Más risas en el Principal, pero esta vez a través del teatro, el baile y las canciones de la compañía Salvador Collado. Tarzán. El musical (24 septiembre), cuenta la ya conocida historia de Tarzán, pero con un toque diferente. Y es que esta selva ya no es tal y como la conocíamos.

El  Espai d’Art Contemporani de Castellón (EACC), que permanece todo el verano inactivo, retomará su actividad en septiembre con la exposición Orbital Motion de Monika Grzymala, del 23 de septiembre al 8 de enero.
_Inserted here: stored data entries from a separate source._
text \<open>In characteristic 1 all binomial coefficients collapse: (X+x)^k = \<Sum>_{m\<le>k} x^(k-m) X^m.\<close>
lemma coeff_linear_power:
  "coeff ([:x, 1:] ^ k) m = (if m \<le> k then (x::'a::qf_char1) ^ (k - m) else 0)"
proof (induction k arbitrary: m)
  case 0 then show ?case by (cases m) auto
next
  case (Suc k)
  note IH = Suc.IH
  have "coeff ([:x, 1:] ^ Suc k) m
      = x * coeff ([:x, 1:] ^ k) m + (case m of 0 \<Rightarrow> 0 | Suc m' \<Rightarrow> coeff ([:x, 1:] ^ k) m')"
    by (simp add: coeff_pCons)
  also have "\<dots> = (if m \<le> Suc k then x ^ (Suc k - m) else 0)"
  proof (cases m)
    case 0 then show ?thesis using Suc.IH by simp
  next
    case (Suc m')
    show ?thesis
    proof (cases "m' < k")
      case True
      then have "x * x ^ (k - Suc m') = x ^ (k - m')" by (simp add: Suc_diff_Suc power_Suc[symmetric])
      then show ?thesis using Suc True IH by (simp add: qf_add_idem)
    next
      case False
      then show ?thesis using Suc IH by (auto simp: le_Suc_eq)
    qed
  qed
  finally show ?case .
qed

lemma linear_power_times_binomial:
  "[:x, 1:] ^ k * (monom 1 k + [:(x::'a::qf_char1) ^ k:]) = [:x, 1:] ^ k * [:x, 1:] ^ k"
proof (rule poly_eqI)
  fix m
  have "[:x, 1:] ^ k * (monom 1 k + [:x ^ k:]) = monom 1 k * [:x, 1:] ^ k + smult (x ^ k) ([:x, 1:] ^ k)"
    by (simp add: distrib_left mult.commute)
  then have "coeff ([:x, 1:] ^ k * (monom 1 k + [:x ^ k:])) m
     = (if m < k then 0 else coeff ([:x, 1:] ^ k) (m - k)) + x ^ k * coeff ([:x, 1:] ^ k) m"
    by (simp add: coeff_monom_mult)
  also have "\<dots> = (if m \<le> k + k then x ^ (k + k - m) else 0)"
    unfolding coeff_linear_power by (auto simp: power_add[symmetric] qf_add_idem)
  also have "\<dots> = coeff ([:x, 1:] ^ k * [:x, 1:] ^ k) m"
    by (simp add: power_add[symmetric] coeff_linear_power)
  finally show "coeff ([:x, 1:] ^ k * (monom 1 k + [:x ^ k:])) m = coeff ([:x, 1:] ^ k * [:x, 1:] ^ k) m" .
qed

text \<open>Cancelling the nonzero factor (X+x)^k in K{X}: X^k + x^k becomes (X+x)^k.\<close>
lemma rat_of_poly_binomial:
  "rat_of_poly (monom 1 k + [:(x::'a::qf_char1) ^ k:]) = rat_of_poly [:x, 1:] ^ k"
proof -
  have "coeff ([:x, 1:] ^ k) k = 1" by (simp add: coeff_linear_power)
  then have "[:x, 1:] ^ k \<noteq> 0" by auto
  from rat_of_poly_eqI[OF this linear_power_times_binomial] show ?thesis
    by (simp add: rat_of_poly_power)
qed

text \<open>J maps into the ideal generated by X + x, since each generator maps to a power of it.\<close>
lemma rat_of_poly_ideal:
  assumes "P \<in> ideal_gen (root_gens (x::'a::qf_char1))"
  shows "rat_of_poly P \<in> ideal_gen {rat_of_poly [:x, 1:]}"
  using assms
proof (induction P rule: ideal_gen_induct)
  case zero then show ?case by (simp add: rat_of_poly_zero ideal_gen_zero)
next
  case (step P c s)
  then obtain k where "k \<ge> 1" "s = monom 1 k + [:x ^ k:]" by blast
  then have "rat_of_poly s = rat_of_poly [:x, 1:] ^ (k - 1) * rat_of_poly [:x, 1:]"
    by (simp add: rat_of_poly_binomial power_Suc2[symmetric])
  then have "rat_of_poly (P + c * s)
      = rat_of_poly P + (rat_of_poly c * rat_of_poly [:x, 1:] ^ (k - 1)) * rat_of_poly [:x, 1:]"
    by (simp add: rat_of_poly_add rat_of_poly_mult mult.assoc)
  then show ?case using step.IH by (simp add: ideal_gen_step)
qed

text \<open>Conversely every element of the ideal generated by X + x is the image of an element of
  J, because X + x is itself the generator for k = 1.\<close>
lemma ideal_rat_of_poly:
  assumes "F \<in> ideal_gen {rat_of_poly [:x, 1:]}"
  shows "\<exists>P \<in> ideal_gen (root_gens (x::'a::qf_char1)). rat_of_poly P = F"
  using assms
proof (induction F rule: ideal_gen_induct)
  case zero then show ?case using ideal_gen_zero rat_of_poly_zero by blast
next
  case (step F c s)
  obtain P where P: "P \<in> ideal_gen (root_gens x)" "rat_of_poly P = F" using step.IH by blast
  obtain Q where Q: "rat_of_poly Q = c" using rat_of_poly_surj by blast
  have s: "s = rat_of_poly [:x, 1:]" using step.hyps by simp
  have "[:x, 1:] \<in> root_gens x"
    by (rule CollectI, rule exI[of _ 1]) (simp add: monom_Suc monom_0)
  then have "P + Q * [:x, 1:] \<in> ideal_gen (root_gens x)" by (rule ideal_gen_step[OF P(1)])
  moreover have "rat_of_poly (P + Q * [:x, 1:]) = F + c * s"
    by (simp only: rat_of_poly_add rat_of_poly_mult P(2) Q s)
  ultimately show ?case by blast
qed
La artista juega con las dimensiones y las líneas rectas a través del uso de cinta adhesiva, dando forma a una instalación centrada en las posibilidades del dibujo tridimensional. El EACC se vuelve a ver transformado temporalmente, en este caso por la que será la primera exposición individual de la artista.

Otra de las propuestas artísticas que pasarán por el EACC es la de Eltono con Modo Nº6 (26 septiembre). El artista francés capitaneará esta idea que persigue, a través de un taller didáctico, la creación de un mural en la fachada del propio EACC. Serán los participantes quiénes decidirán, a través de un juego de formas, cuál será el diseño del mural, siendo dueños únicos de cada una de las casillas que forman este mural.

Por el EACC también pasará Xguix, miembro fundador del grupo La T, con Perduts en el paisatge (9 septiembre). Una propuesta sonora que lleva al EACC el universo propio de Xguix, a través del sonido, la imagen y el minimalismo; una cara que nunca antes se le había conocido. Sin olvidar tampoco el ciclo de cine de Espai Cinema, que vuelve a la actividad cada martes y jueves, con entrada libre.

La cinta adhesiva, protagonista de 'Orbital Motion' de Monika Grzymala.